Both were slightly modified to take parts as input and return two vectors.

Modified XAXA:

--!strict

local function GetBoundingBox(parts: {BasePart}): (Vector3, Vector3)
	local abs = math.abs
	local inf = math.huge
	local minx, miny, minz = inf, inf, inf
	local maxx, maxy, maxz = -inf, -inf, -inf
	for _, obj in parts do
		local cf = obj.CFrame
		local size = obj.Size
		local sx, sy, sz = size.X, size.Y, size.Z
		local x, y, z, R00, R01, R02, R10, R11, R12, R20, R21, R22 = cf:GetComponents()
		local wsx = 0.5 * (abs(R00) * sx + abs(R01) * sy + abs(R02) * sz)
		local wsy = 0.5 * (abs(R10) * sx + abs(R11) * sy + abs(R12) * sz)
		local wsz = 0.5 * (abs(R20) * sx + abs(R21) * sy + abs(R22) * sz)
		if minx > x - wsx then minx = x - wsx end
		if miny > y - wsy then miny = y - wsy end
		if minz > z - wsz then minz = z - wsz end
		if maxx < x + wsx then maxx = x + wsx end
		if maxy < y + wsy then maxy = y + wsy end
		if maxz < z + wsz then maxz = z + wsz end
	end
	local omin, omax = Vector3.new(minx, miny, minz), Vector3.new(maxx, maxy, maxz)
	return (omax+omin)/2, (omax-omin)
end

Modified Pyseph:

--!strict

local GetComponents = CFrame.identity.GetComponents
local inf = math.huge
local negInf = -inf

local function GetBoundingBox(parts: {BasePart}): (Vector3, Vector3)
	local minx, miny, minz = inf, inf, inf
	local maxx, maxy, maxz = negInf, negInf, negInf
	for _, part in next, parts do
		local cf = part.CFrame
		local size = part.Size
		local sx, sy, sz = size.X, size.Y, size.Z
		local x, y, z, R00, R01, R02, R10, R11, R12, R20, R21, R22 = GetComponents(cf)
		local wsx = 0.5 * (math.abs(R00) * sx + math.abs(R01) * sy + math.abs(R02) * sz)
		local wsy = 0.5 * (math.abs(R10) * sx + math.abs(R11) * sy + math.abs(R12) * sz)
		local wsz = 0.5 * (math.abs(R20) * sx + math.abs(R21) * sy + math.abs(R22) * sz)
		minx = minx > x - wsx and x - wsx or minx
		miny = miny > y - wsy and y - wsy or miny
		minz = minz > z - wsz and z - wsz or minz
		maxx = maxx < x + wsx and x + wsx or maxx
		maxy = maxy < y + wsy and y + wsy or maxy
		maxz = maxz < z + wsz and z + wsz or maxz
	end
	local omin, omax = Vector3.new(minx, miny, minz), Vector3.new(maxx, maxy, maxz)
	return (omax + omin) * 0.5, (omax - omin)
end

16 parts (R15)

o2

Variant	Throughput	Latency	vs.
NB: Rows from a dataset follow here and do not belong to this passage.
definition conj_op :: "'a set \<Rightarrow> ('a \<Rightarrow> 'a \<Rightarrow> complex) \<Rightarrow> ('a \<Rightarrow> 'a \<Rightarrow> complex) \<Rightarrow>
    ('a \<Rightarrow> 'a \<Rightarrow> complex)" where
  "conj_op I U A = (\<lambda>a b. \<Sum>i\<in>I. \<Sum>j\<in>I. U a i * A i j * cnj (U b j))"

end

theory Submission
  imports Defs "HOL-Computational_Algebra.Polynomial"
begin

text \<open>
(i) The operator \<open>\<rho>\<^sub>\<psi>\<close> forgets the global phase of \<open>\<psi>\<close>, but the target state does not:
replacing \<open>\<psi>\<close> by \<open>e\<^sup>i\<^sup>\<pi>\<^sup>/\<^sup>n \<psi>\<close> flips the sign of \<open>\<alpha> \<psi>\<^sup>\<otimes>\<^sup>n\<close> and leaves \<open>\<beta> \<Phi>\<close> alone.
Comparing the two proportional outputs at an entry where only \<open>\<Phi>\<close> contributes and at the entry
\<open>a\<dots>a\<close> forces \<open>\<alpha> = 0\<close>, which |\<beta>| \<noteq> 1 excludes.

(ii) Along the curve \<open>\<psi>\<^sub>x \<propto> |a\<rangle> + x |b\<rangle>\<close>, x real, the entries of the linear image of
\<open>\<rho>\<^sub>\<psi>\<^sup>\<otimes>\<^sup>k\<close> are, once the normalisation is cleared, polynomials in x of degree at most 2k,
whereas the diagonal entries of \<open>\<rho>\<^sub>\<psi>\<^sup>\<otimes>\<^sup>n\<close> at \<open>b\<dots>b\<close> and \<open>a\<dots>a\<close> have ratio \<open>x\<^sup>2\<^sup>n\<close>.
Comparing degrees gives n \<le> k.

(iii) Conjugation by a unitary preserves Tr(AB), which is \<open>|\<langle>\<psi>|\<phi>\<rangle>|\<^sup>2\<^sup>k\<close> on the inputs and
\<open>|\<langle>\<psi>|\<phi>\<rangle>|\<^sup>2\<^sup>n\<close> on the outputs; an overlap of 3/5 separates the two.

Only (ii) uses linearity of the transformation.
\<close>

section \<open>Vectors and tensor powers\<close>

lemma finite_tidx: "finite (tidx k :: 'd::finite list set)"
proof -
  have "tidx k = {xs::'d list. set xs \<subseteq> UNIV \<and> length xs = k}" by (auto simp: tidx_def)
  thus ?thesis using finite_lists_length_eq[OF finite_UNIV] by simp
qed

lemma sum_tidx_prod_list:
  fixes f :: "'d::finite \<Rightarrow> 'a::comm_semiring_1"
  shows "(\<Sum>xs\<in>tidx k. prod_list (map f xs)) = (\<Sum>x\<in>(UNIV::'d::finite set). f x) ^ k"
proof (induction k)
  case 0
  have "tidx 0 = {[] :: 'd list}" by (auto simp: tidx_def)
  then show ?case by simp
next
  case (Suc k)
  have tidx_Suc: "tidx (Suc k) = (\<lambda>(x, xs). x # xs) ` (UNIV \<times> tidx k)"
    unfolding tidx_def by (auto simp: image_iff length_Suc_conv)
  have inj: "inj_on (\<lambda>(x, xs). x # xs) (UNIV \<times> (tidx k :: 'd list set))"
    by (auto simp: inj_on_def)
  have "(\<Sum>xs\<in>tidx (Suc k). prod_list (map f xs)) = (\<Sum>x\<in>UNIV. \<Sum>xs\<in>tidx k. f x * prod_list (map f xs))"
    unfolding tidx_Suc sum.reindex[OF inj] sum.cartesian_product by (rule sum.cong) auto
  also have "\<dots> = (\<Sum>x\<in>UNIV. f x) * (\<Sum>xs\<in>tidx k. prod_list (map f xs))"
    by (simp add: sum_product)
  finally show ?case using Suc by simp
qed

lemma tidx_add_eq_image:
  "tidx (m + l) = (\<lambda>(ys, zs). ys @ zs) ` (tidx m \<times> tidx l)" (is "_ = ?image")
proof (intro equalityI subsetI)
  fix xs :: "'a list" assume "xs \<in> tidx (m + l)"
  then show "xs \<in> ?image"
    by (intro image_eqI[of _ _ "(take m xs, drop m xs)"]) (auto simp: tidx_def)
qed (auto simp: tidx_def)

lemma sum_tidx_add:
  "(\<Sum>xs\<in>tidx (m + l). h (take m xs) (drop m xs)) = (\<Sum>ys\<in>tidx m. \<Sum>zs\<in>tidx l. h ys zs)"
proof -
  have inj: "inj_on (\<lambda>(ys, zs). ys @ zs) (tidx m \<times> tidx l)"
    by (auto simp: inj_on_def tidx_def)
  have "(\<Sum>xs\<in>tidx (m + l). h (take m xs) (drop m xs)) = (\<Sum>(ys, zs)\<in>tidx m \<times> tidx l. h ys zs)"
    unfolding tidx_add_eq_image sum.reindex[OF inj] by (rule sum.cong) (auto simp: tidx_def)
  then show ?thesis by (simp add: sum.cartesian_product)
qed
(* Let $N\ge1$, $p\ge2$, $w,g\in L^1_{loc}(\mathbb{R}^N)$ positive a.e. with $g^{-1}\in L^\infty(\mathbb{R}^N)$. Let $0<\delta<\gamma$ with $(\delta,p)$ in the class $P_a$. Let $u\in C^1(\mathbb{R}^N)$ with $0<u\le1$ in $\mathbb{R}^N$ be a stable weak solution of $\operatorname{div}(w|\nabla u|^{p-2}\nabla u)=g(x)(u^{-\delta}+u^{-\gamma})$ in $\mathbb{R}^N$. Then for every $\beta\in(0,s_p)$ there exists a constant $c>0$, depending on $\beta,p,\delta,m$ but not on $\psi$, such that for every $\psi\in C^1_c(\mathbb{R}^N)$ with $0\le\psi\le1$, $$\int_{\mathbb{R}^N} g\Big(\frac{\psi}{u}\Big)^{2\beta+p-1+\delta}dx\le c\int_{\mathbb{R}^N} w^{\theta_a'}|\nabla\psi|^{p\theta_a'}dx,\qquad \theta_a'=\frac{2\beta+p-1+\delta}{p-1+\delta}.$$
   Context: Here $m=\|g^{-1}\|_{L^\infty}$. Weak solution and stability are with respect to $f(t)=-t^{-\delta}-t^{-\gamma}$ and the equation $-\operatorname{div}(w|\nabla u|^{p-2}\nabla u)=gf(u)$: $u\in C^1$ is a weak solution if $\int w|\nabla u|^{p-2}\nabla u\cdot\nabla\varphi=\int gf(u)\varphi$ for all $\varphi\in C^1_c(\mathbb{R}^N)$; it is stable if for all $\varphi\in C^1_c(\mathbb{R}^N)$, $\int w|\nabla u|^{p-2}|\nabla\varphi|^2+(p-2)\int w|\nabla u|^{p-4}(\nabla u\cdot\nabla\varphi)^2-\int gf'(u)\varphi^2\ge0$ (middle integrand $=0$ where $\nabla u=0$). Class $P_a$: $(\delta,p)\in P_a$ if either $2\le p<3$ and $\delta\ge1$, or $p=3$ and $\delta>1$, or $p>3$ and $\delta>\frac{(p-1)^2}{4}$. $s_p=\delta+\sqrt{\delta^2+\delta}$ if $p=2$, $s_p=\frac{2\delta}{p-1}-\frac{p-1}{2}$ if $p>2$. *)

theory Defs
  imports "HOL-Analysis.Analysis" "HOL-Probability.Essential_Supremum"
begin

definition C1_with_grad :: "(real^'n \<Rightarrow> real) \<Rightarrow> (real^'n \<Rightarrow> real^'n) \<Rightarrow> bool" where
  "C1_with_grad f Df \<longleftrightarrow>
     (\<forall>x. (f has_derivative (\<lambda>h. Df x \<bullet> h)) (at x)) \<and> continuous_on UNIV Df"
Baseline
XAXA	292,748 ops/sec	3.28 µs	1.00x
Pyseph	298,619 ops/sec	3.21 µs	1.02x
Daw	364,471 ops/sec	2.69 µs	1.25x

o2 + native

Variant	Throughput	Latency	vs. Baseline
XAXA	360,628 ops/sec	2.68 µs	1.00x
Pyseph	376,760 ops/sec	2.49 µs	1.04x
Daw	432,832 ops/sec	2.19 µs	1.20x

568 parts (Classic House)

o2

Variant	Throughput	Latency	vs. Baseline
XAXA	8,582 ops/sec	114.37 µs	1.00x
Pyseph	8,817 ops/sec	111.96 µs	1.03x
Daw	10,299 ops/sec	96.18 µs	1.20x

o2 + native

Variant	Throughput	Latency	vs. Baseline
XAXA	10,586 ops/sec	92.11 µs	1.00x
Pyseph	11,285 ops/sec	86.78 µs	1.07x
Daw	12,563 ops/sec	79.11 µs	1.19x

6780 parts (Roblox HQ Towers)

o2

Variant	Throughput	Latency	vs. Baseline
XAXA	709 ops/sec	1.40 ms	1.00x
Pyseph	729 ops/sec	1.36 ms	1.03x
Daw	842 ops/sec	1.18 ms	1.19x

o2 + native

Variant	Throughput	Latency	vs. Baseline
XAXA	865 ops/sec	1.15 ms	1.00x
Pyseph	920 ops/sec	1.07 ms	1.06x
Daw	1,007 ops/sec	993.70 µs	1.16x

13,521 parts (16 Doomspire towers)

o2

Variant	Throughput	Latency	vs. Baseline
XAXA	327 ops/sec	3.01 ms	1.00x
Pyseph	334 ops/sec	2.94 ms	1.02x
Daw	390 ops/sec	2.53 ms	1.19x

o2 + native

Variant	Throughput	Latency	vs. Baseline
XAXA	402 ops/sec	2.48 ms	1.00x
Pyseph	427 ops/sec	2.32 ms	1.06x
Daw	470 ops/sec	2.12 ms	1.17x

Unlike other implementations, my variant doesn’t provide orientation parameter and instead of a model, it takes list of parts to provide more control over what parts get included which is essential for me as I wanted to figure out a bounding box of a player character without their accessories. If you don’t need this level of control, you should use Model:GetBoundingBox as it is the fastest and most convenient.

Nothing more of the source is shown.